Chiuan-Ren Yeh, Spencer Slavin, Jun Da, Iawen Hsu, Jie Luo, Guang-Qian Xiao, Jie Ding, Fu-Ju Chou, Shuyuan Yeh

Abstract

Cancer associated fibroblasts (CAF) play important roles in tumor growth that involves inflammation and epithelial cell differentiation. Early studies suggested that estrogen receptor alpha (ERα) was expressed in stromal cells in normal prostates and prostate cancer (PCa), but the detailed functions of stromal ERα in the PCa remain to be further elucidated. Migration and invasion assays demonstrated the presence of high levels of ERα in CAF cells (CAF.ERα(+)) suppressed PCa invasion via influencing the infiltration of tumor associated macrophages. ERα decreased CAF CCL5 secretion via suppressing the CCL5 promoter activity was examined by luciferase assay. ERα decreased CCL5 and IL-6 expression in conditioned media that was collected from CAF cell only or CAF cell co-cultured with macrophages as measured by ELISA assay.

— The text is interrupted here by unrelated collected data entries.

theorem proposition4:
  fixes T :: "'a::{real_inner,complete_space} \<Rightarrow> 'b::{real_inner,complete_space}"
    and xd x0 :: 'a and k :: nat and \<nu> :: real
  assumes "bounded_linear T" and "inj T" and "T \<noteq> (\<lambda>x. 0)"
    and "k \<ge> 1" and "0 \<le> \<nu>" and "\<nu> \<le> real k"
  shows "ereal (Nconst (\<nu> / real k) powr (1 - 2 * real k)) * interp_norm T \<nu> (real k) (xd - x0)
           \<le> (SUP \<alpha>\<in>{0<..}. ereal (\<alpha> powr (-\<nu>) * norm (xd - tikh T (T xd) x0 \<alpha> k)))
       \<and> (SUP \<alpha>\<in>{0<..}. ereal (\<alpha> powr (-\<nu>) * norm (xd - tikh T (T xd) x0 \<alpha> k)))
           \<le> interp_norm T \<nu> (real k) (xd - x0)
       \<and> (\<nu> = real k \<longrightarrow> (\<exists>L.
            ((\<lambda>\<alpha>. ereal (\<alpha> powr (-\<nu>) * norm (xd - tikh T (T xd) x0 \<alpha> k))) \<longlongrightarrow> L) (at_right 0)
          \<and> ereal (Nconst (\<nu> / real k) powr (1 - 2 * real k)) * interp_norm T \<nu> (real k) (xd - x0) \<le> L
          \<and> L \<le> interp_norm T \<nu> (real k) (xd - x0)))"
proof -
  interpret injective_operator T by (rule injective_operator.intro) (fact assms(1,2))+
  have lower: "ereal (Nconst (\<nu> / real k) powr (1 - 2 * real k)) * interp_norm T \<nu> (real k) (xd - x0)
      \<le> (SUP \<alpha>\<in>{0<..}. ereal (\<alpha> powr (-\<nu>) * norm (xd - tikh T (T xd) x0 \<alpha> k)))"
    using Nconst_interp_norm_le_tikh_SUP assms(4-6) .
  moreover have upper: "(SUP \<alpha>\<in>{0<..}. ereal (\<alpha> powr (-\<nu>) * norm (xd - tikh T (T xd) x0 \<alpha> k)))
      \<le> interp_norm T \<nu> (real k) (xd - x0)"
    using tikh_SUP_le_interp_norm assms(4) .
  moreover have "\<exists>L. ((\<lambda>\<alpha>. ereal (\<alpha> powr (-\<nu>) * norm (xd - tikh T (T xd) x0 \<alpha> k))) \<longlongrightarrow> L) (at_right 0)
      \<and> ereal (Nconst (\<nu> / real k) powr (1 - 2 * real k)) * interp_norm T \<nu> (real k) (xd - x0) \<le> L
      \<and> L \<le> interp_norm T \<nu> (real k) (xd - x0)" if "\<nu> = real k"
    using tikh_tendsto_SUP[OF assms(4), of xd x0] lower upper that by blast
  ultimately show ?thesis by blast
qed

end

Both in vitro and in vivo studies demonstrated CAF.ERα(+) led to a reduced macrophage migration toward PCa via inhibiting CAF cells secreted chemokine CCL5. This CAF.ERα(+) suppressed macrophage infiltration affected the neighboring PCa cells invasion and the reduced invasiveness of PCa cells are at least partly due to reduced IL6 expression in the macrophages and CAF. Our data suggest that CAF ERα could be applied as a prognostic marker to predict cancer progression, and targeting CCL5 and IL6 may be applied as an alternative therapeutic approach to reduce M2 type macrophages and PCa invasion in PCa patients with low or little ERα expression in CAF cells.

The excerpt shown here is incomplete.